Ned listened closely. The woman who had been beside him had barely spoken to him. She had just carried on loading and passing on the rifles as fast and efficient as any man. Now she had moved away and was standing somewhere near the horses.

‘She didn’t buy no ticket,’ the man said, his voice equally quiet. ‘A committee in the town bought one for her. She wasn’t bothering no one. They shouldn’t’ve done it to her – leastways, not this time.’

Ned frowned. He couldn’t imagine what would make a town of people send a woman out on a stage at a time like this.

‘What made you go?’ Johnny asked.

‘Mail contracts,’ the man said with resigned fatality. ‘Gotta show good deliveries or you lose ’em, and you can’t operate a stage on just passengers.’

The man unscrewed a lid and drank from a bottle that sounded near empty. The scent of cheap liquor drifted to Ned on the wind.

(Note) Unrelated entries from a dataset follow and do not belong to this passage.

lemma level_map_Cons:
  assumes f: "level_map A f" and a: "a \<in> A" and w: "w \<in> lists A"
  shows "f (a # w) = root_letter f a # tl (f (a # w))" "root_letter f a \<in> A"
proof -
  have "take 1 (f ([a] @ w)) = f [a]" using level_map_prefix[OF f _ w, of "[a]"] a by simp
  moreover have "length (f (a # w)) = Suc (length w)" using level_map_lists[OF f] a w by simp
  moreover have "f [a] \<in> lists A" using level_map_lists[OF f, of "[a]"] a by simp
  ultimately show "f (a # w) = root_letter f a # tl (f (a # w))" "root_letter f a \<in> A"
    using level_map_singleton[OF f a] by (cases "f (a # w)"; simp)+
qed

lemma level_map_residual:
  assumes f: "level_map A f" and a: "a \<in> A"
  shows "level_map A (residual A f a)"
  unfolding level_map_def
proof (intro conjI allI impI ballI)
  fix w assume w: "w \<in> lists A"
  have "f (a # w) \<in> lists A" "length (f (a # w)) = Suc (length w)"
    using level_map_lists[OF f] a w by auto
  then show "residual A f a w \<in> lists A" "length (residual A f a w) = length w"
    using w level_map_Cons(1)[OF f a w] unfolding residual_def by (metis Cons_in_lists_iff, simp)
next
  fix u v assume u: "u \<in> lists A" and v: "v \<in> lists A"
  have "take (Suc (length u)) (f (a # u @ v)) = f (a # u)"
    using level_map_prefix[OF f _ v, of "a # u"] u a by simp
  then have "take (length u) (tl (f (a # u @ v))) = tl (f (a # u))"
    by (metis tl_take diff_Suc_1)
  then show "take (length u) (residual A f a (u @ v)) = residual A f a u"
    using u v unfolding residual_def by simp
qed (simp add: residual_def)

lemma root_letter_inverse:
  assumes f: "level_map A f" and g: "level_map A g" and inv: "\<forall>w\<in>lists A. g (f w) = w"
    and a: "a \<in> A"
  shows "root_letter g (root_letter f a) = a"
proof -
  have "g [root_letter f a] = [a]" using inv level_map_singleton[OF f a] a by (metis lists.simps)
  then show ?thesis unfolding root_letter_def by simp
qed

lemma tree_automorphism_root_bij:
  assumes "tree_automorphism A f" shows "bij_betw (root_letter f) A A"
proof -
  obtain g where g: "level_map A f" "level_map A g" "\<forall>w\<in>lists A. g (f w) = w \<and> f (g w) = w"
    using assms unfolding tree_automorphism_def by blast
  show ?thesis
    by (rule bij_betw_byWitness[where f'="root_letter g"])
       (use g root_letter_inverse[of A f g] root_letter_inverse[of A g f]
            level_map_Cons(2)[OF g(1) _ lists.Nil] level_map_Cons(2)[OF g(2) _ lists.Nil] in auto)
qed

lemma tree_automorphism_residual:
  assumes "tree_automorphism A f" and a: "a \<in> A" shows "tree_automorphism A (residual A f a)"
proof -
  obtain g where g: "level_map A f" "level_map A g" "\<forall>w\<in>lists A. g (f w) = w \<and> f (g w) = w"
    using assms unfolding tree_automorphism_def by blast
  define b where "b = root_letter f a"
  have b: "b \<in> A" unfolding b_def using level_map_Cons(2)[OF g(1) a lists.Nil] .
  have gb: "root_letter g b = a" unfolding b_def using root_letter_inverse[OF g(1,2)] g(3) a by blast
  have "residual A g b (residual A f a w) = w \<and> residual A f a (residual A g b w) = w"
    if w: "w \<in> lists A" for w
  proof
    have fw: "f (a # w) = b # tl (f (a # w))" using level_map_Cons(1)[OF g(1) a w] b_def by simp
    have gw: "g (b # w) = a # tl (g (b # w))" using level_map_Cons(1)[OF g(2) b w] gb by simp
    have "tl (f (a # w)) \<in> lists A" "tl (g (b # w)) \<in> lists A"
      using level_map_lists[OF g(1), of "a # w"] level_map_lists[OF g(2), of "b # w"] a b w fw gw
      by (metis Cons_in_lists_iff)+
    then show "residual A g b (residual A f a w) = w" "residual A f a (residual A g b w) = w"
      using w a b g(3) fw gw unfolding residual_def by (metis Cons_in_lists_iff list.sel(3))+
  qed
  then show ?thesis
    unfolding tree_automorphism_def using level_map_residual[OF g(1) a] level_map_residual[OF g(2) b]
    by blast
qed
lemma mafield_inj_on_positive_class:
  fixes alpha beta :: "nat^'m^'n" and W :: "real^'p^'n"
  assumes W_span: "span (columns W) = {y. transpose (stoich alpha beta) *v y = 0}"
    and J_im: "\<And>v x. (\<forall>j. v$j > 0) \<Longrightarrow> (\<forall>i. x$i > 0) \<Longrightarrow>
                 range (\<lambda>y. Jmat alpha beta v x *v y) = range (\<lambda>y. stoich alpha beta *v y)"
    and a_pos: "\<And>v x. (\<forall>j. v$j > 0) \<Longrightarrow> (\<forall>i. x$i > 0) \<Longrightarrow> a_coef alpha beta v x > 0"
    and k: "\<forall>j. 0 < k$j" and x: "\<forall>i. 0 < x$i" and y: "\<forall>i. 0 < y$i"
    and same_class: "transpose W *v x = transpose W *v y"
    and same_field: "mafield alpha beta k x = mafield alpha beta k y"
  shows "x = y"
proof (rule ccontr)
  assume "x \<noteq> y"
  obtain kap mu where kap: "\<forall>j. 0 < kap$j" and mu: "\<forall>l. 0 < mu$l"
    and diff: "mafield alpha beta k x - mafield alpha beta k y = Jmat alpha beta kap mu *v (x - y)"
    using mafield_diff_eq_Jmat [OF x y k] by blast
  define J where "J = Jmat alpha beta kap mu"
  have "x - y \<in> range ((*v) (stoich alpha beta))"
    using same_class kernel_transpose_eq_range [OF W_span]
    by (auto simp: matrix_vector_mult_diff_distrib simp del: transpose_matrix_vector)
  then have "x - y \<in> range ((*v) (- J))"
    using J_im [OF kap mu] by (simp add: J_def range_neg_matrix_vector_mult)
  moreover have "(- J) *v (x - y) = 0"
    using diff same_field by (simp add: J_def neg_matrix_vector_mult)
  ultimately have "sum_principal_minors (- J) (rank (- J)) = 0"
    using \<open>x \<noteq> y\<close> by (intro sum_principal_minors_rank_eq_0) auto
  moreover have "rank (- J) = rank (stoich alpha beta)"
    using J_im [OF kap mu] by (simp add: rank_dim_range range_neg_matrix_vector_mult J_def)
  ultimately have "a_coef alpha beta kap mu = 0"
    by (simp add: a_coef_def J_def)
  then show False
    using a_pos [OF kap mu] by simp
qed

section \<open>Existence of an equilibrium in a compatibility class\<close>

text \<open>At a fixed point \<open>x\<close> of \<open>x \<mapsto> closest_point S (x + F x)\<close> the vector \<open>F x\<close> makes an
  obtuse angle with every \<open>y - x\<close>, \<open>y \<in> S\<close>; taking \<open>y = x + t F x\<close> forces \<open>F x = 0\<close>.\<close>

lemma brouwer_zero_of_inward_field:
  fixes F :: "'a::euclidean_space \<Rightarrow> 'a"
  assumes S: "compact S" "convex S" "S \<noteq> {}" and contF: "continuous_on S F"
    and inward: "\<And>x. x \<in> S \<Longrightarrow> \<exists>t>0. x + t *\<^sub>R F x \<in> S"
  obtains x where "x \<in> S" "F x = 0"
proof -
  have "closed S"
    using S(1) by (rule compact_imp_closed)
  define \<phi> where "\<phi> x = closest_point S (x + F x)" for x
  have "continuous_on S (\<lambda>x. x + F x)"
    by (intro continuous_intros contF)
  then have "continuous_on S \<phi>"
    unfolding \<phi>_def
    using continuous_on_compose2 [OF continuous_on_closest_point [OF S(2) \<open>closed S\<close> S(3)]]
    by blast
  moreover have "\<phi> \<in> S \<rightarrow> S"
    unfolding \<phi>_def using closest_point_in_set [OF \<open>closed S\<close> S(3)] by blast
  ultimately obtain x where "x \<in> S" "\<phi> x = x"
    using brouwer [OF S] by blast
  then have closest: "\<forall>z\<in>S. dist (x + F x) x \<le> dist (x + F x) z"
    using closest_point_le [OF \<open>closed S\<close>] unfolding \<phi>_def by metis
  obtain t where "t > 0" "x + t *\<^sub>R F x \<in> S"
    using inward [OF \<open>x \<in> S\<close>] by blast
  then have "((x + F x) - x) \<bullet> ((x + t *\<^sub>R F x) - x) \<le> 0"
    by (intro any_closest_point_dot [OF S(2) \<open>closed S\<close> \<open>x \<in> S\<close> _ closest])
  then have "t * (F x \<bullet> F x) \<le> 0"
    by simp
  then have "F x \<bullet> F x \<le> 0"
    using \<open>t > 0\<close> by (simp add: mult_le_0_iff)
  then have "F x = 0"
    by (metis inner_ge_zero inner_eq_zero_iff order_antisym)
  then show ?thesis
    using \<open>x \<in> S\<close> that by blast
qed

lemma closed_omega: "closed (omega (W :: real^'p^'n) c0)"
proof -
  have "omega W c0 = (\<Inter>i. {x. x$i \<ge> 0}) \<inter> {x. transpose W *v x = c0}"
    by (auto simp: omega_def)
  moreover have "closed {x::real^'n. transpose W *v x = c0}"
    by (intro closed_Collect_eq continuous_intros linear_continuous_on
        matrix_vector_mul_bounded_linear)
  moreover have "closed {x::real^'n. x$i \<ge> 0}" for i
    by (intro closed_Collect_le continuous_intros)
  ultimately show ?thesis
    by (auto intro!: closed_Int closed_INT)
qed

lemma convex_omega: "convex (omega (W :: real^'p^'n) c0)"
proof (rule convexI)
  fix x y :: "real^'n" and a b :: real
  assume xy: "x \<in> omega W c0" "y \<in> omega W c0" and ab: "0 \<le> a" "0 \<le> b" "a + b = 1"
  have "transpose W *v (a *\<^sub>R x + b *\<^sub>R y) = (a + b) *\<^sub>R c0"
    using xy by (simp add: omega_def matrix_vector_right_distrib matrix_vector_mult_scaleR
        scaleR_add_left del: transpose_matrix_vector)
  then show "a *\<^sub>R x + b *\<^sub>R y \<in> omega W c0"
    using xy ab by (auto simp: omega_def simp del: transpose_matrix_vector)
qed

text \<open>A positive conservation law \<open>\<lambda>\<close> is constant on each class, which confines it to a box.\<close>

lemma bounded_omega:
  assumes lam: "lam \<in> span (columns W)" "\<forall>i. 0 < lam$i"
  shows "bounded (omega W c0)"
proof (cases "omega W c0 = {}")
  case False
  then obtain x0 where x0: "x0 \<in> omega W c0"
    by blast
  have "omega W c0 \<subseteq> cbox 0 (\<chi> i. (lam \<bullet> x0) / lam$i)"
  proof
    fix x
    assume x: "x \<in> omega W c0"
    then have "x - x0 \<in> (span (columns W))\<^sup>\<bottom>"
      using x0 kernel_transpose_eq_orthogonal_comp_columns [of W]
      by (auto simp: omega_def orthogonal_comp_span matrix_vector_mult_diff_distrib
          simp del: transpose_matrix_vector)
    then have "lam \<bullet> x = lam \<bullet> x0"
      using lam(1) by (simp add: orthogonal_comp_def orthogonal_def inner_diff_right)
    moreover have "lam$i * x$i \<le> lam \<bullet> x" for i
      unfolding inner_vec_def inner_real_def
      by (rule member_le_sum) (use x lam(2) in \<open>auto simp: omega_def less_imp_le\<close>)
    ultimately show "x \<in> cbox 0 (\<chi> i. (lam \<bullet> x0) / lam$i)"
      using x lam(2) by (auto simp: omega_def mem_box_cart field_simps mult.commute)
  qed
  then show ?thesis
    by (rule bounded_subset [OF bounded_cbox])
qed simp

lemma mafield_nonneg_at_zero_coordinate:
  assumes x: "\<forall>i. 0 \<le> x$i" and xi: "x$i = 0" and k: "\<forall>j. 0 < k$j"
  shows "mafield alpha beta k x $ i \<ge> 0"
proof -
  have "stoich alpha beta $i$j * rate alpha k x $ j \<ge> 0" for j
  proof (cases "alpha$i$j = 0")
    case True
    then have "stoich alpha beta $i$j \<ge> 0"
      by (simp add: stoich_def)
    moreover have "rate alpha k x $ j \<ge> 0"
      unfolding rate_def vec_lambda_beta
      by (intro mult_nonneg_nonneg prod_nonneg zero_le_power) (use x k in \<open>auto intro: less_imp_le\<close>)
    ultimately show ?thesis
      by simp
  next
    case False
    then have "rate alpha k x $ j = 0"
      unfolding rate_def using xi by (auto intro!: prod_zero)
    then show ?thesis
      by simp
  qed
  then show ?thesis
    by (simp add: mafield_def matrix_vector_mult_def sum_nonneg)
qed

lemma transpose_mult_mafield_eq_0:
  assumes W_span: "span (columns W) = {y. transpose (stoich alpha beta) *v y = 0}"
  shows "transpose W *v mafield alpha beta k x = 0"
proof -
  have "column i W v* stoich alpha beta = 0" for i
    using W_span span_base [of "column i W" "columns W"] by (auto simp: columns_def)
  then have "column i W \<bullet> mafield alpha beta k x = 0" for i
    by (simp add: mafield_def flip: dot_lmul_matrix)
  then show ?thesis
    using kernel_transpose_eq_orthogonal_comp_columns [of W]
    by (auto simp: orthogonal_comp_def orthogonal_def columns_def simp del: transpose_matrix_vector)
qed

lemma mafield_points_into_omega:
  fixes W :: "real^'p^'n"
  assumes W_span: "span (columns W) = {y. transpose (stoich alpha beta) *v y = 0}"
    and k: "\<forall>j. 0 < k$j" and x: "x \<in> omega W c0"
  shows "\<exists>t>0. x + t *\<^sub>R mafield alpha beta k x \<in> omega W c0"
proof -
  define F where "F = mafield alpha beta k x"
  define t where "t = Min (insert 1 ((\<lambda>i. x$i / (\<bar>F$i\<bar> + 1)) ` {i. 0 < x$i}))"
  have "t > 0"
    unfolding t_def by (subst Min_gr_iff) (auto intro!: divide_pos_pos add_nonneg_pos)
  have t_le: "t \<le> x$i / (\<bar>F$i\<bar> + 1)" if "0 < x$i" for i
    unfolding t_def using that by (intro Min_le) auto
  have "0 \<le> x$i + t * F$i" for i
  proof (cases "0 < x$i")
    case True
    have "t * \<bar>F$i\<bar> \<le> t * (\<bar>F$i\<bar> + 1)"
      using \<open>t > 0\<close> by simp
    also have "\<dots> \<le> x$i"
      using t_le [OF True] by (simp add: field_simps)
    finally have "t * \<bar>F$i\<bar> \<le> x$i" .
    moreover have "- (t * F$i) \<le> t * \<bar>F$i\<bar>"
      using \<open>t > 0\<close> by (metis abs_ge_minus_self abs_mult abs_of_pos)
    ultimately show ?thesis
      by linarith
  next
    case False
    moreover have "0 \<le> x$i"
      using x by (simp add: omega_def)
    ultimately have "x$i = 0"
      by simp
    then have "F$i \<ge> 0"
      using x k by (auto simp: F_def omega_def intro: mafield_nonneg_at_zero_coordinate)
    then show ?thesis
      using \<open>x$i = 0\<close> \<open>t > 0\<close> by simp
  qed
  moreover have "transpose W *v (x + t *\<^sub>R F) = c0"
    using x transpose_mult_mafield_eq_0 [OF W_span]
    by (simp add: F_def omega_def matrix_vector_right_distrib matrix_vector_mult_scaleR
        del: transpose_matrix_vector)
  ultimately show ?thesis
    using \<open>t > 0\<close> by (auto simp: F_def omega_def simp del: transpose_matrix_vector)
qed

‘Sure wished I could’ve had a drink of that real Eastern whiskey they was going to have at the Fort for Christmas,’ the man lamented quietly.

Ned huddled down by the wagon wheel. All thought of Christmas had been driven from his mind until now. He had forgotten that Christmas tree waiting for Ben’s wife and the thought of settling down and eating well and being thankful for one long, quiet day. And that man thought they were going to die here. After all these hours riding and running they were going to die by this stagecoach out in the bottom of the canyon, shot down by Indians. But they had Johnny and Ben here. Johnny had been the best rifleman in his unit. Ned didn’t know what to believe about Johnny any more, but he did believe that.